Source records

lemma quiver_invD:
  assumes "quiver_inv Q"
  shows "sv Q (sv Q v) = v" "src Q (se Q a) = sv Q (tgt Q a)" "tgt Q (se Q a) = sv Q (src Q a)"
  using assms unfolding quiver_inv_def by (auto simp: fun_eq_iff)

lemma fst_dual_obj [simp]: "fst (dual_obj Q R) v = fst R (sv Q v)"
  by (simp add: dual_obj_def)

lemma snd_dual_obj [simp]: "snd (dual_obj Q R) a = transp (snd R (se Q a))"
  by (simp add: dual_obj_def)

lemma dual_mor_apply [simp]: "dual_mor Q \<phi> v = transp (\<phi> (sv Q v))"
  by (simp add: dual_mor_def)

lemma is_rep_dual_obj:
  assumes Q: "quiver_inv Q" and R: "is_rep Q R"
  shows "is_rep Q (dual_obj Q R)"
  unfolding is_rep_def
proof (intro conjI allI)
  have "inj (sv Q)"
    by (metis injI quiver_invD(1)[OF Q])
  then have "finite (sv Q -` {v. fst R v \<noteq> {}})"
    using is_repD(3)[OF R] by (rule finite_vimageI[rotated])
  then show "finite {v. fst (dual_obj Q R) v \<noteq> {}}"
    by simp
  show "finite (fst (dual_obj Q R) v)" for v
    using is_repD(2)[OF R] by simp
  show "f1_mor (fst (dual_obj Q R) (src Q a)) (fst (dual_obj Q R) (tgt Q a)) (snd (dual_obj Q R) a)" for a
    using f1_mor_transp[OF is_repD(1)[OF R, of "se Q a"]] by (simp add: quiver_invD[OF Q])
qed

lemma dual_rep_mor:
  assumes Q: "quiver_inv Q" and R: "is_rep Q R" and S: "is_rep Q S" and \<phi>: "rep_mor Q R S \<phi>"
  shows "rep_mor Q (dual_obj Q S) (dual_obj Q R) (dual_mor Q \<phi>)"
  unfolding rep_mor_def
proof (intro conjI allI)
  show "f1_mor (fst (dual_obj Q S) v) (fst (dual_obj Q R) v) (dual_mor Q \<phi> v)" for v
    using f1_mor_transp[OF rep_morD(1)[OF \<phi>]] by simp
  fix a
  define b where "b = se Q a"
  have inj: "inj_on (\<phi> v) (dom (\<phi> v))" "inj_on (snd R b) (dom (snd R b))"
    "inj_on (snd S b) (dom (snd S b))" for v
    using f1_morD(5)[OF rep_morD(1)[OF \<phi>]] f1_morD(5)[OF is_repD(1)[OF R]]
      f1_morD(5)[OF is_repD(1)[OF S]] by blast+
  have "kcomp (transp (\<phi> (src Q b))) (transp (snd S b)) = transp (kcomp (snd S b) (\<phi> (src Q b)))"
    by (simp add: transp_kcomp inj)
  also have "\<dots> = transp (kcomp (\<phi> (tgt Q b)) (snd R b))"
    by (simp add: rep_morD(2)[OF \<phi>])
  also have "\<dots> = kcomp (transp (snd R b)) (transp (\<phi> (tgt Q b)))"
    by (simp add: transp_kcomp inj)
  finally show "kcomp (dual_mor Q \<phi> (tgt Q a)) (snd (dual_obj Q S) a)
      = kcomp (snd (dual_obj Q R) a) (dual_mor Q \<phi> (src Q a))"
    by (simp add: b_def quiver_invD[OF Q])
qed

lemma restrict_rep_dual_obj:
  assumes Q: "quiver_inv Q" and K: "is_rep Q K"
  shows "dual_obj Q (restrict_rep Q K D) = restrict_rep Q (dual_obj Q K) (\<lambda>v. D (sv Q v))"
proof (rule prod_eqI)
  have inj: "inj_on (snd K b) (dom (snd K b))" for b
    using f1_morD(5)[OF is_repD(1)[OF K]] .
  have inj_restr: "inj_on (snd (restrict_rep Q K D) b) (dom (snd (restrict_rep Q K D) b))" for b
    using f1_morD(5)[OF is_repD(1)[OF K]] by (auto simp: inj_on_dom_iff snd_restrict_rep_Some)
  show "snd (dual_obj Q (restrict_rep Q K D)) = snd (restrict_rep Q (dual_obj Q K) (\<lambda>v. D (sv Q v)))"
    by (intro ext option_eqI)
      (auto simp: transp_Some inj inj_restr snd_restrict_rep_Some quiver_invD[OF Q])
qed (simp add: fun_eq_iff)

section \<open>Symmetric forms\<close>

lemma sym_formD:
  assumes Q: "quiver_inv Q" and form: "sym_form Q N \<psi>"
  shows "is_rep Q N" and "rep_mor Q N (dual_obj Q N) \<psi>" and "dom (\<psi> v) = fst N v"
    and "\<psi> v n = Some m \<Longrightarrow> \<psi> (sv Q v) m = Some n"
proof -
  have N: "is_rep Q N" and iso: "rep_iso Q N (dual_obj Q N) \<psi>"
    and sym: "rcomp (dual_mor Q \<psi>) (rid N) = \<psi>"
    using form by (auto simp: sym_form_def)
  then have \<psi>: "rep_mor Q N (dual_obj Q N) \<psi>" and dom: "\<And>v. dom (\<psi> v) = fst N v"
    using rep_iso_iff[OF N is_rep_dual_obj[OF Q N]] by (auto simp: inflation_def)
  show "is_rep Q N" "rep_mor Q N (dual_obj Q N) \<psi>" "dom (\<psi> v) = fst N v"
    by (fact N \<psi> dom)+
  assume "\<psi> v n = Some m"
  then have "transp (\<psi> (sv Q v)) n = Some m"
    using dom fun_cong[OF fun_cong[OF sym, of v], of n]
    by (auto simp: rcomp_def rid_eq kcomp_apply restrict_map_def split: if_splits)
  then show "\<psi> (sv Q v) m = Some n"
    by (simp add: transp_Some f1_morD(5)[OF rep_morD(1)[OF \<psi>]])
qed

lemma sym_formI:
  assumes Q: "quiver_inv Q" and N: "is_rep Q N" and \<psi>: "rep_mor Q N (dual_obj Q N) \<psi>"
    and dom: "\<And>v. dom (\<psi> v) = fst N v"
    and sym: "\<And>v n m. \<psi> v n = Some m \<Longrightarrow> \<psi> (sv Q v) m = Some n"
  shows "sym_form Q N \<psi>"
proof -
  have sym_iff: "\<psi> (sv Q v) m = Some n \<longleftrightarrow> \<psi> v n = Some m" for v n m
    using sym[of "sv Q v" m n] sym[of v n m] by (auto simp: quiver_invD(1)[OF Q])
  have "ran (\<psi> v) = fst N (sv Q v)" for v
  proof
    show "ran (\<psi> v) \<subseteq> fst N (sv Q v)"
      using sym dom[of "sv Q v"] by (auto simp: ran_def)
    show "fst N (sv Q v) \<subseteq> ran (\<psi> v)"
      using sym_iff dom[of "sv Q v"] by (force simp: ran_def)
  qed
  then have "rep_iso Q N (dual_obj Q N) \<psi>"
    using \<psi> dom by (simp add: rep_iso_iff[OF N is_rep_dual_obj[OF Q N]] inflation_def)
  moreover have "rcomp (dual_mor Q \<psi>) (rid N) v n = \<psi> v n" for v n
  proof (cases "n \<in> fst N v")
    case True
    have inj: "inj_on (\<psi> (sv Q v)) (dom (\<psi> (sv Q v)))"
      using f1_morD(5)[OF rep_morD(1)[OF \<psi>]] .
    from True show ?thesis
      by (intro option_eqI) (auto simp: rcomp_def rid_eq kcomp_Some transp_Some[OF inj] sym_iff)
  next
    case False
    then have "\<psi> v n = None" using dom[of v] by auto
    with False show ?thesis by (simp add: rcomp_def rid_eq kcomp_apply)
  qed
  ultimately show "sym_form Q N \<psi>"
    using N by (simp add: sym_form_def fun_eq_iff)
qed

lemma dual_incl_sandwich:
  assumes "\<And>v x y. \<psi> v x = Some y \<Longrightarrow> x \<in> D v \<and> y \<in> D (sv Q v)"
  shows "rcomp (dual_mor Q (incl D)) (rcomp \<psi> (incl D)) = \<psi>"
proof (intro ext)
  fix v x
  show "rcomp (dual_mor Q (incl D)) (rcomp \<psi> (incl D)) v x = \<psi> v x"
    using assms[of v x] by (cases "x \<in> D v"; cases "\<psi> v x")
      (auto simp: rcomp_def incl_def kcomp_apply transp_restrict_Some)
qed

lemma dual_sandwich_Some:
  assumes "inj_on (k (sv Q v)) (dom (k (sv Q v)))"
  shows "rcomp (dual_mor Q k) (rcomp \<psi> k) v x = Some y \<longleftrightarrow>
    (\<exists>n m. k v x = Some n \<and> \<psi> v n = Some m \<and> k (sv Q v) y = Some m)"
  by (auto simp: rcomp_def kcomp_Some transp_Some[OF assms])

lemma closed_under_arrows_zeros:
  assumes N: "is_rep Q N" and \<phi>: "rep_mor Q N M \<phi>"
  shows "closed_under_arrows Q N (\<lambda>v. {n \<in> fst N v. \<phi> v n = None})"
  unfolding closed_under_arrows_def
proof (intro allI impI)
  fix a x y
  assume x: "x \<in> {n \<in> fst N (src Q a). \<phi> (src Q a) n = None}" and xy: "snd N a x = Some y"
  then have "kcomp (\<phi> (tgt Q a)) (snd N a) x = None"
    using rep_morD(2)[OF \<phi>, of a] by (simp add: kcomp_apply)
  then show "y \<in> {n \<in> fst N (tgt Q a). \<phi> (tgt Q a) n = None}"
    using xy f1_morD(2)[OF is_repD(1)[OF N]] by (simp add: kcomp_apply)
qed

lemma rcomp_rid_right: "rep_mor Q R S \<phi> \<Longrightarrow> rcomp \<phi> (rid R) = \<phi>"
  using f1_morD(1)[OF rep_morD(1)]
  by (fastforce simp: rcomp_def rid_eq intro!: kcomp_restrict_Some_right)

==

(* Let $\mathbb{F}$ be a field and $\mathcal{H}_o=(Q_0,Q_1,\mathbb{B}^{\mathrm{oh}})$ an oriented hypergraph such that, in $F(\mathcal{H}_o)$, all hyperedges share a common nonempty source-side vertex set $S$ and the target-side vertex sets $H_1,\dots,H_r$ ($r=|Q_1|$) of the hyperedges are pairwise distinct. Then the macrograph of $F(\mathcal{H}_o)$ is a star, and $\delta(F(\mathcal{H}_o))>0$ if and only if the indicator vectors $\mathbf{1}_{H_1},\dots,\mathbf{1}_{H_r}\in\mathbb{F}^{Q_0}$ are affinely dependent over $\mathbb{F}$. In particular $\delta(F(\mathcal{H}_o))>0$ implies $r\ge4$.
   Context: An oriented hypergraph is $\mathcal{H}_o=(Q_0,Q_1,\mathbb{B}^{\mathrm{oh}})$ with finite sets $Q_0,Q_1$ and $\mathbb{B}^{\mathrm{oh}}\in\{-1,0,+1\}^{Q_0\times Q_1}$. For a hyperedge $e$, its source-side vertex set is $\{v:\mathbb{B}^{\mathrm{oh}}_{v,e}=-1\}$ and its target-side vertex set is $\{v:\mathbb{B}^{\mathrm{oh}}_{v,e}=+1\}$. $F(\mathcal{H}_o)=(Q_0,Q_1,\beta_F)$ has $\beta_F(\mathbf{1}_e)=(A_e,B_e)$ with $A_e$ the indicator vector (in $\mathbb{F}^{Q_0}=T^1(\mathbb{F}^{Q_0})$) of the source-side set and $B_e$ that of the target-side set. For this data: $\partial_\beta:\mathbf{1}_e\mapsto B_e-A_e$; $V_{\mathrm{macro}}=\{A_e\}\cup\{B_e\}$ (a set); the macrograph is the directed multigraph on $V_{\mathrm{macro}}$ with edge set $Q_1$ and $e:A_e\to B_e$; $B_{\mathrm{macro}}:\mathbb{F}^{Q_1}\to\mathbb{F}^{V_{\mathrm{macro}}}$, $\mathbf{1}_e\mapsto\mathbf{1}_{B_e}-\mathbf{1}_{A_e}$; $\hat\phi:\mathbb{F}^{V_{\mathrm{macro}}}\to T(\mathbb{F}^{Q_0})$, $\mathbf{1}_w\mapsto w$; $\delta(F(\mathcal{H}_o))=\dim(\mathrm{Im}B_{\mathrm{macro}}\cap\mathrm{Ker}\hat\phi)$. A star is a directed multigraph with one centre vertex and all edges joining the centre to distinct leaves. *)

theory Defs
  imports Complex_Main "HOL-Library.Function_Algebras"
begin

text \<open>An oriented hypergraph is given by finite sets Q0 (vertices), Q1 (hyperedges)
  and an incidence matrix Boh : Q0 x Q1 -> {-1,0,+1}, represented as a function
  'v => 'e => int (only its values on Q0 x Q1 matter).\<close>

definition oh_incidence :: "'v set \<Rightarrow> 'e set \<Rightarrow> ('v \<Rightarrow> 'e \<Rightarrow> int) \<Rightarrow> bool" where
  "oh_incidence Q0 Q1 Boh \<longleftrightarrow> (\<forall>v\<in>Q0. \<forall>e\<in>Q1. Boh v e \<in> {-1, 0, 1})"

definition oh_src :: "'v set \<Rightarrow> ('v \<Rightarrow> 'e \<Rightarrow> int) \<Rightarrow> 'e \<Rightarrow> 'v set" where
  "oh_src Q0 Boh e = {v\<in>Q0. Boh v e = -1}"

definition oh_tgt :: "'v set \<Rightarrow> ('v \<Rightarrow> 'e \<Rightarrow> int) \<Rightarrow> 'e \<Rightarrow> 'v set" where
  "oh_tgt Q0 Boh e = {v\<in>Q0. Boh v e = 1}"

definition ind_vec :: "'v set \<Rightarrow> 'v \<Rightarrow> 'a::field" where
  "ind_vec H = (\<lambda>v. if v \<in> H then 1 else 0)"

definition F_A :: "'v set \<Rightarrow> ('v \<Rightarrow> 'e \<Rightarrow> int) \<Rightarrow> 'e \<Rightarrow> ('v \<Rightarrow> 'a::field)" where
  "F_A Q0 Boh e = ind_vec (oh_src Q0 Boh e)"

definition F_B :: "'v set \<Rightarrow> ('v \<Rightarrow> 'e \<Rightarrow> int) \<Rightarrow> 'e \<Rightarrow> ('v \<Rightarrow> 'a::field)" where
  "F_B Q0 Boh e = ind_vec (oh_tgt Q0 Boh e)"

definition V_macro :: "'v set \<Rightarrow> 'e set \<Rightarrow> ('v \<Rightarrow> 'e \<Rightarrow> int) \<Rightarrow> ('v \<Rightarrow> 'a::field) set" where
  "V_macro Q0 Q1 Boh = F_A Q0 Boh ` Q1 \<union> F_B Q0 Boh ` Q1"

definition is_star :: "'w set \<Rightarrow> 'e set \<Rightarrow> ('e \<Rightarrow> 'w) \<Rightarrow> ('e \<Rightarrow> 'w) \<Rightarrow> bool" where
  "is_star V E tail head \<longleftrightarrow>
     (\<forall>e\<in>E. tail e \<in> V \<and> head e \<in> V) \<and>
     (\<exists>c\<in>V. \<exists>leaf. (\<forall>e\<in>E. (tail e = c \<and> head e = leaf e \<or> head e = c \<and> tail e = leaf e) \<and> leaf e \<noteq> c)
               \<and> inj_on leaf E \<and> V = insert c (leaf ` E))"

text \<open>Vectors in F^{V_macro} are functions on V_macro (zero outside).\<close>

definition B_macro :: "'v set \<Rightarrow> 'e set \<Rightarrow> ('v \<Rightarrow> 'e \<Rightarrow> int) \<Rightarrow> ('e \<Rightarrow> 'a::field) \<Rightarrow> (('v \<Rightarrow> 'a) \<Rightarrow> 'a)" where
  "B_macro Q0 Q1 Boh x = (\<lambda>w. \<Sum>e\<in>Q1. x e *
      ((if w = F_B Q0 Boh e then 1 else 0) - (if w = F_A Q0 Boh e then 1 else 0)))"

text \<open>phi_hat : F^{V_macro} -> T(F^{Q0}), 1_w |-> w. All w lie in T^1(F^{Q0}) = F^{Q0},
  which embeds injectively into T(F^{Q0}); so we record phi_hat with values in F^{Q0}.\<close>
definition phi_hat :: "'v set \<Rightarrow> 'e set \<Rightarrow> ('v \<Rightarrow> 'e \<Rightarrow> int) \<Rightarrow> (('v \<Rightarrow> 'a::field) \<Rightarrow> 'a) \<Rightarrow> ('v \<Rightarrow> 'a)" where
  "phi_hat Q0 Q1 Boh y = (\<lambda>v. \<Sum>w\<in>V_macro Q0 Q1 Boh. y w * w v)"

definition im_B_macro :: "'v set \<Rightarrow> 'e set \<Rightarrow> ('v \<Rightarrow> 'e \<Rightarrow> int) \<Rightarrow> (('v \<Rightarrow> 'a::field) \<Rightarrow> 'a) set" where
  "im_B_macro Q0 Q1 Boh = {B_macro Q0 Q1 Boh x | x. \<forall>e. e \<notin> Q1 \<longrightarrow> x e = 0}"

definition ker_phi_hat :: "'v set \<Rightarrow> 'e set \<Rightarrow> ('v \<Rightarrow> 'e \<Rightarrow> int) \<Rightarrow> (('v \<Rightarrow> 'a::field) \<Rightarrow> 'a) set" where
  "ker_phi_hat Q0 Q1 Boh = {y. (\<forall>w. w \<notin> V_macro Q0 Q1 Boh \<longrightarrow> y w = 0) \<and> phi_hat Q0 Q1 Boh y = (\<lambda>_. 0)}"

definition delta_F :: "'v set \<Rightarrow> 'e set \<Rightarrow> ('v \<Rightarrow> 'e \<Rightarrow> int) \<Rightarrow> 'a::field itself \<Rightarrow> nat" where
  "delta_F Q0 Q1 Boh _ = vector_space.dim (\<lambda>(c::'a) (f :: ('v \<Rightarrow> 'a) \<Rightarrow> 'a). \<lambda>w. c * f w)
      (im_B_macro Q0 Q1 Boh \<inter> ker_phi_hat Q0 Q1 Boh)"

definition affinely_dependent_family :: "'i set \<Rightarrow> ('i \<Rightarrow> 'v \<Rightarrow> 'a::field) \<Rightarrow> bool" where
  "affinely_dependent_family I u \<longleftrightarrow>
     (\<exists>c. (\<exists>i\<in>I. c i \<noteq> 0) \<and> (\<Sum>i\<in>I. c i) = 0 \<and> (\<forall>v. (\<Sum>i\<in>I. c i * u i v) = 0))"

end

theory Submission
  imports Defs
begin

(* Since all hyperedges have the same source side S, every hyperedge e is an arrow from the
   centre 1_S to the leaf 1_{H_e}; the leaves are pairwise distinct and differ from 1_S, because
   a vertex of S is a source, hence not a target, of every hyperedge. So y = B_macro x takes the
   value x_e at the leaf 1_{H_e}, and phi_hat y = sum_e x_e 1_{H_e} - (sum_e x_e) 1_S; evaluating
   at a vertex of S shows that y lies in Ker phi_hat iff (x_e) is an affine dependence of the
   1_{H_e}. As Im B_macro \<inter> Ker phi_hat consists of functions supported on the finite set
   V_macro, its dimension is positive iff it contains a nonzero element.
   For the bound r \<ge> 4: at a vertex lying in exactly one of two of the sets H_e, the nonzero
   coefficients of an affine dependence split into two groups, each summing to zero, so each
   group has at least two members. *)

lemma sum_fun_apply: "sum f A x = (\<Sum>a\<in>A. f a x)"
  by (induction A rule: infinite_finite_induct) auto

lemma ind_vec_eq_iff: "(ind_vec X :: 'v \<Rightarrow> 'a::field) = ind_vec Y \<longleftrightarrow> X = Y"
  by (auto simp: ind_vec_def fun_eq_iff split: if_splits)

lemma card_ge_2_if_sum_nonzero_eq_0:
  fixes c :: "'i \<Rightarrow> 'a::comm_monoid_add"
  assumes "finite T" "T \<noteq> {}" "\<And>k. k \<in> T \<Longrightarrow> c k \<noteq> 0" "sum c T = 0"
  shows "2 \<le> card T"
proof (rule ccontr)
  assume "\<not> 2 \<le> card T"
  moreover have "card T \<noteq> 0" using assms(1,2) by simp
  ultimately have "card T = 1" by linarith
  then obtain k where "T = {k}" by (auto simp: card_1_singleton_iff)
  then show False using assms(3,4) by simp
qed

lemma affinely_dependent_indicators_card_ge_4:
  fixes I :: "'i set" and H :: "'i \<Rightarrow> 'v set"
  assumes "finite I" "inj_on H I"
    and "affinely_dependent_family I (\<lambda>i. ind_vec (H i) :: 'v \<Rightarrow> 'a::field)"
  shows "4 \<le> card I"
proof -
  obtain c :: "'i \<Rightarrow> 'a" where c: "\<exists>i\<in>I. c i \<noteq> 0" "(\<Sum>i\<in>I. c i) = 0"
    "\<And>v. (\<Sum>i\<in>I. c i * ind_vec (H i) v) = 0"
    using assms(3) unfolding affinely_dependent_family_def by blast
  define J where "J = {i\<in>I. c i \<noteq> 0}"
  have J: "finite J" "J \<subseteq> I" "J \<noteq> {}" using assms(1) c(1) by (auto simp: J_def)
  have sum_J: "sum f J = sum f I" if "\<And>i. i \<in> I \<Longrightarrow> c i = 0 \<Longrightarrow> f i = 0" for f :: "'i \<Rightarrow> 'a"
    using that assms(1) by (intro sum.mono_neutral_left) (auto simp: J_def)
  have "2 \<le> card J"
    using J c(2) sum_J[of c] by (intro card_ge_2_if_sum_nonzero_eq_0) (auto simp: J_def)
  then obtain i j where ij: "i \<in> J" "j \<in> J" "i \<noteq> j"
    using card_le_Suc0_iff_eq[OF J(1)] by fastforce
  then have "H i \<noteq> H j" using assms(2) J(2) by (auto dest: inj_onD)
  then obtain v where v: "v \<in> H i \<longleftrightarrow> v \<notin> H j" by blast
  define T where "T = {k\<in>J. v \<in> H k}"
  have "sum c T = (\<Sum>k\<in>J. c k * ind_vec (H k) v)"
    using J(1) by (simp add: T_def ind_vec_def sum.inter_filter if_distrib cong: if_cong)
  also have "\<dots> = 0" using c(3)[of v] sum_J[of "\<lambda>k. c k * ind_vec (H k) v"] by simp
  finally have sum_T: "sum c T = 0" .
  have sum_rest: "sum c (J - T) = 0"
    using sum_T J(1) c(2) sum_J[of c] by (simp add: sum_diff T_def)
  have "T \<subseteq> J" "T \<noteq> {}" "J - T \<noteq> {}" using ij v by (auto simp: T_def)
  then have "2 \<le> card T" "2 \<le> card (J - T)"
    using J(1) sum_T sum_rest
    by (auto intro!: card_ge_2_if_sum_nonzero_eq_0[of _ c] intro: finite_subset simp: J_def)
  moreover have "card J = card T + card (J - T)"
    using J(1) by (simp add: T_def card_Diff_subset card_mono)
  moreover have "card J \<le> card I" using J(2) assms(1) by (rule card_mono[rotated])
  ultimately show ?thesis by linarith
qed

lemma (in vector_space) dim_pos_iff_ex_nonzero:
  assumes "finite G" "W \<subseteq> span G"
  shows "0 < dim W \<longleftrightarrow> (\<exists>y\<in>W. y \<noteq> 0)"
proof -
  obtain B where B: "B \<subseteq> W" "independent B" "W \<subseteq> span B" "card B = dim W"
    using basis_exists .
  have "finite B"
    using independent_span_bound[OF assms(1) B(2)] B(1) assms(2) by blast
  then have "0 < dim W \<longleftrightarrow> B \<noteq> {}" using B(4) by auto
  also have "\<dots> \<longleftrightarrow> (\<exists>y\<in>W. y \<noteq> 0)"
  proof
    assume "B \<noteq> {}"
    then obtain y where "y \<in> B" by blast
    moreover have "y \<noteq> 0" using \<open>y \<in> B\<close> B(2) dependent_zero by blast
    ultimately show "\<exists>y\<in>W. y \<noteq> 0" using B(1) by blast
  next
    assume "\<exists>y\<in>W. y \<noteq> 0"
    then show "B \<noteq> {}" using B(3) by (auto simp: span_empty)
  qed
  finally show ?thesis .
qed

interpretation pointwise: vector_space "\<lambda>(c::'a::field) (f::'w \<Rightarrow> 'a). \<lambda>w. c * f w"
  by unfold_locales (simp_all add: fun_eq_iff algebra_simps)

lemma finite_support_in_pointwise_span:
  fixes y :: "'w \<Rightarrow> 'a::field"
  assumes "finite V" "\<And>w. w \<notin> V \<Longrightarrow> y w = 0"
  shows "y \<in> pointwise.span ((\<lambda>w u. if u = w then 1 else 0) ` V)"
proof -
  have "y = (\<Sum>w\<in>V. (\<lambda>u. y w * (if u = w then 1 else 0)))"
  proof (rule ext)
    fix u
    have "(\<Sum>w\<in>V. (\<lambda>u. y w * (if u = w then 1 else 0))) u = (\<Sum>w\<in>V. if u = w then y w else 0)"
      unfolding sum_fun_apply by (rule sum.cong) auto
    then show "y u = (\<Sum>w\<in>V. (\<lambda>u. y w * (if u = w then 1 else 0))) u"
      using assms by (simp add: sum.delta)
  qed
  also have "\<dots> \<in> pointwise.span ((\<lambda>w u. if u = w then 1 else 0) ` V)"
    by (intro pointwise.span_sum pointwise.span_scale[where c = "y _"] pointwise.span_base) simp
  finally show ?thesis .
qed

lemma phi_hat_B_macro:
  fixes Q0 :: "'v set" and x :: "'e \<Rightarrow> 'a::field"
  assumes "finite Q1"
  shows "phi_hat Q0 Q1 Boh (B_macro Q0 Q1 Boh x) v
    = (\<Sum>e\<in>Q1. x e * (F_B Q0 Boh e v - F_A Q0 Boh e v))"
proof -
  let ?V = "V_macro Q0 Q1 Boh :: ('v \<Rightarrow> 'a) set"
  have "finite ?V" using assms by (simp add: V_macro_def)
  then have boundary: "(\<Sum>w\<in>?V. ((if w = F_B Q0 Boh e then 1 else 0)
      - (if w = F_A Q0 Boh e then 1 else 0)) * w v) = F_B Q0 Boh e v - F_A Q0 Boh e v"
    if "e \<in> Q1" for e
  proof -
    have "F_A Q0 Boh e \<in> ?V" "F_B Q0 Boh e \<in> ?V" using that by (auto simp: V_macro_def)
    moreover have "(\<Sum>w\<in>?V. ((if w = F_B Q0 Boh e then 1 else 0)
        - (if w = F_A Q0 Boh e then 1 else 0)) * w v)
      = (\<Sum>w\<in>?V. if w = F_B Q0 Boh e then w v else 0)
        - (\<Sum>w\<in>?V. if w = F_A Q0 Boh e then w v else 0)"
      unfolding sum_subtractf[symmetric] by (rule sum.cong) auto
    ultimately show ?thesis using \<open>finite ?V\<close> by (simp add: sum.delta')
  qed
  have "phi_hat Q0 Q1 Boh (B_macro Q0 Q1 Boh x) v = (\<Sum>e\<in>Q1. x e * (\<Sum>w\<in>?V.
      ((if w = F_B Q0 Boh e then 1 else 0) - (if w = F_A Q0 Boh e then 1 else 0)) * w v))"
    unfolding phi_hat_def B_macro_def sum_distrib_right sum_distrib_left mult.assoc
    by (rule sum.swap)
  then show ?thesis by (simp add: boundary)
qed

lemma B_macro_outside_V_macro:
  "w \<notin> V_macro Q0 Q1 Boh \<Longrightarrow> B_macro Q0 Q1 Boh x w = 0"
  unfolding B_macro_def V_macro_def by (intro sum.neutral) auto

§ Work to be completed: Give back the records above exactly, limited to the lines between the one holding "by (fact N \<psi> dom)+" and the one holding "from True show ?thesis", inclusive.

§ Answer:
    by (fact N \<psi> dom)+
  assume "\<psi> v n = Some m"
  then have "transp (\<psi> (sv Q v)) n = Some m"
    using dom fun_cong[OF fun_cong[OF sym, of v], of n]
    by (auto simp: rcomp_def rid_eq kcomp_apply restrict_map_def split: if_splits)
  then show "\<psi> (sv Q v) m = Some n"
    by (simp add: transp_Some f1_morD(5)[OF rep_morD(1)[OF \<psi>]])
qed

lemma sym_formI:
  assumes Q: "quiver_inv Q" and N: "is_rep Q N" and \<psi>: "rep_mor Q N (dual_obj Q N) \<psi>"
    and dom: "\<And>v. dom (\<psi> v) = fst N v"
    and sym: "\<And>v n m. \<psi> v n = Some m \<Longrightarrow> \<psi> (sv Q v) m = Some n"
  shows "sym_form Q N \<psi>"
proof -
  have sym_iff: "\<psi> (sv Q v) m = Some n \<longleftrightarrow> \<psi> v n = Some m" for v n m
    using sym[of "sv Q v" m n] sym[of v n m] by (auto simp: quiver_invD(1)[OF Q])
  have "ran (\<psi> v) = fst N (sv Q v)" for v
  proof
    show "ran (\<psi> v) \<subseteq> fst N (sv Q v)"
      using sym dom[of "sv Q v"] by (auto simp: ran_def)
    show "fst N (sv Q v) \<subseteq> ran (\<psi> v)"
      using sym_iff dom[of "sv Q v"] by (force simp: ran_def)
  qed
  then have "rep_iso Q N (dual_obj Q N) \<psi>"
    using \<psi> dom by (simp add: rep_iso_iff[OF N is_rep_dual_obj[OF Q N]] inflation_def)
  moreover have "rcomp (dual_mor Q \<psi>) (rid N) v n = \<psi> v n" for v n
  proof (cases "n \<in> fst N v")
    case True
    have inj: "inj_on (\<psi> (sv Q v)) (dom (\<psi> (sv Q v)))"
      using f1_morD(5)[OF rep_morD(1)[OF \<psi>]] .
    from True show ?thesis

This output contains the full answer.